On Fri, Apr 12, 2013 at 4:46 AM, Brian Goetz <brian.goetz at oracle.com> wrote:

> That doesn't make sense to me.  The choice of split points is structural,
> not semantic.  But since you have no idea what the structure is underneath,
> how could you possibly choose the right split points?
>
>
> On 4/11/2013 6:45 PM, Ali Lahijani wrote:
>
>> It would be nice to have a way to hint the StreamBuilder implementation
>> about splitting points. One such way is a split() method in
>> StreamBuilder. One would call builder.split() to hint that the next call
>> to builder.accept() should create a new split.
>>
>>
>> On Fri, Apr 12, 2013 at 12:16 AM, Brian Goetz <brian.goetz at oracle.com
>> <mailto:brian.goetz at oracle.com**>> wrote:
>>
>>     Yes, the precipitating cause was to mitigate the pain of taking away
>>     FlatMapper, but as you point out, it has other uses too.
>>
>>     Note that you could always use ArrayList as a stream builder, so its
>>     not like this is something you couldn't do at all before.  But it
>>     should be more efficient, since it requires fewer object creations
>>     and doesn't have to copy elements every time you overflow a buffer.
>>
>>     The streams that are built still retain reasonable parallelism.  The
>>     internal representation is an array of increasing-size arrays, so
>>     the spliterator first splits the "spine" array and then can split
>>     into the individual arrays.
>>
>>     We're still twiddling with the API to try to ensure that it can be
>>     done with minimum overhead for flatMap-like usages (after all, if we
>>     didn't care about overhead, we'd just say "use ArrayList".)
>>
>>
>>     On 4/11/2013 3:31 PM, Ali Lahijani wrote:
>>
>>         I just want to express my delight at this great new feature.
>>
>>         StreamBuilder can be used to append to or concatenate Streams:
>>
>>                   StreamBuilder<E> builder = Streams.builder();
>>                   s1.forEach(builder);
>>                   builder.accept(x);
>>                   builder.accept(y);
>>                   s2.forEach(builder);
>>                   Stream<E> stream = builder.build();
>>
>>         And it can be used to create streams fluently, and in push mode,
>>         which
>>         is arguably the way that feels most natural in many situations.
>>
>>                   StreamBuilder.OfInt builder = Streams.intBuilder();
>>                   for (int i = 0; i < 1000; i++) {
>>                       if (isPrime(i)) {
>>                           build.accept(i)
>>                       }
>>                   }
>>                   IntStream stream = builder.build();
>>
>>         Though admittedly, streams built this way might benefit much from
>>         Stream framework's support for parallelism.
>>
>>         An observation:
>>         The call to build() at the end should always be put there, and
>>         exactly
>>         once.

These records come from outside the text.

lemma Posi_comb_closed: "comb_closed (Posi X)"
  unfolding comb_closed_def
proof (intro ballI allI impI)
  fix PA PB lam
  assume PA: "PA \<in> Posi X" and PB: "PB \<in> Posi X" and lam: "\<forall>p\<in>PA \<times> PB. lam p \<in> Rnplus 2"
  obtain n As la where n: "0 < n" and As: "\<forall>k<n. As k \<in> X"
    and la: "\<forall>u\<in>PiE {..<n} As. la u \<in> Rnplus n"
    and PA_eq: "PA = {lincomb n (la u) u | u. u \<in> PiE {..<n} As}"
    using PA unfolding Posi_iff by blast
  obtain m Bs lb where Bs: "\<forall>k<m. Bs k \<in> X"
    and lb: "\<forall>v\<in>PiE {..<m} Bs. lb v \<in> Rnplus m"
    and PB_eq: "PB = {lincomb m (lb v) v | v. v \<in> PiE {..<m} Bs}"
    using PB unfolding Posi_iff by blast
  define a where "a u = lincomb n (la u) u" for u
  define b where "b v = lincomb m (lb v) v" for v
  define L where "L w = (let u = restrict w {..<n}; v = restrict (\<lambda>k. w (k + n)) {..<m} in
      seq_append n (\<lambda>k. lam (a u, b v) 0 * la u k) (\<lambda>k. lam (a u, b v) 1 * lb v k))" for w
  have L_eq: "L (seq_append n u v) =
      seq_append n (\<lambda>k. lam (a u, b v) 0 * la u k) (\<lambda>k. lam (a u, b v) 1 * lb v k)"
    if "u \<in> PiE {..<n} As" "v \<in> PiE {..<m} Bs" for u v
    unfolding L_def Let_def restrict_seq_append[OF that] ..
  have lam_uv: "lam (a u, b v) \<in> Rnplus 2" if "u \<in> PiE {..<n} As" "v \<in> PiE {..<m} Bs" for u v
  proof -
    have "(a u, b v) \<in> PA \<times> PB"
      using that unfolding PA_eq PB_eq a_def b_def by blast
    then show ?thesis
      using lam by blast
  qed
  have "{lincomb (n + m) (L (seq_append n u v)) (seq_append n u v) | u v.
      u \<in> PiE {..<n} As \<and> v \<in> PiE {..<m} Bs} \<in> Posi X"
  proof (rule Posi_seq_appendI[OF n As Bs])
    fix u v assume u: "u \<in> PiE {..<n} As" and v: "v \<in> PiE {..<m} Bs"
    show "L (seq_append n u v) \<in> Rnplus (n + m)"
      using Rnplus_seq_append[OF bspec[OF la u] bspec[OF lb v]] lam_uv[OF u v]
      by (simp add: L_eq[OF u v] Rnplus_2_iff)
  qed
  also have "{lincomb (n + m) (L (seq_append n u v)) (seq_append n u v) | u v.
      u \<in> PiE {..<n} As \<and> v \<in> PiE {..<m} Bs} =
    {(\<lambda>x. lam (a u, b v) 0 * a u x + lam (a u, b v) 1 * b v x) | u v.
      u \<in> PiE {..<n} As \<and> v \<in> PiE {..<m} Bs}"
    by (rule setcompr_cong2) (simp add: L_eq lincomb_seq_append lincomb_scale a_def b_def)
  also have "\<dots> = pairwise_comb PA PB lam"
    unfolding PA_eq PB_eq pairwise_comb_def a_def b_def by blast
  finally show "pairwise_comb PA PB lam \<in> Posi X" .
qed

After that point, the builder should no longer be used. In
>>         line
>>         with these rules, I would prefer the following syntax:
>>
>>                   Stream<E> Streams.build((builder) -> {
>>                       s1.forEach(builder);
>>                       builder.accept(x);
>>                       builder.accept(y);
>>                       s2.forEach(builder);
>>                   });
>>
>>         The implicit call to build() is inserted after the lambda returns,
>>         after which point the builder is no longer available to be used. I
>>         think it feels more natural, and a bit more Lambda-like.
>>
>>         Once again, thanks for giving us this great new tool!
>>
>>         Best
>>
>>
>>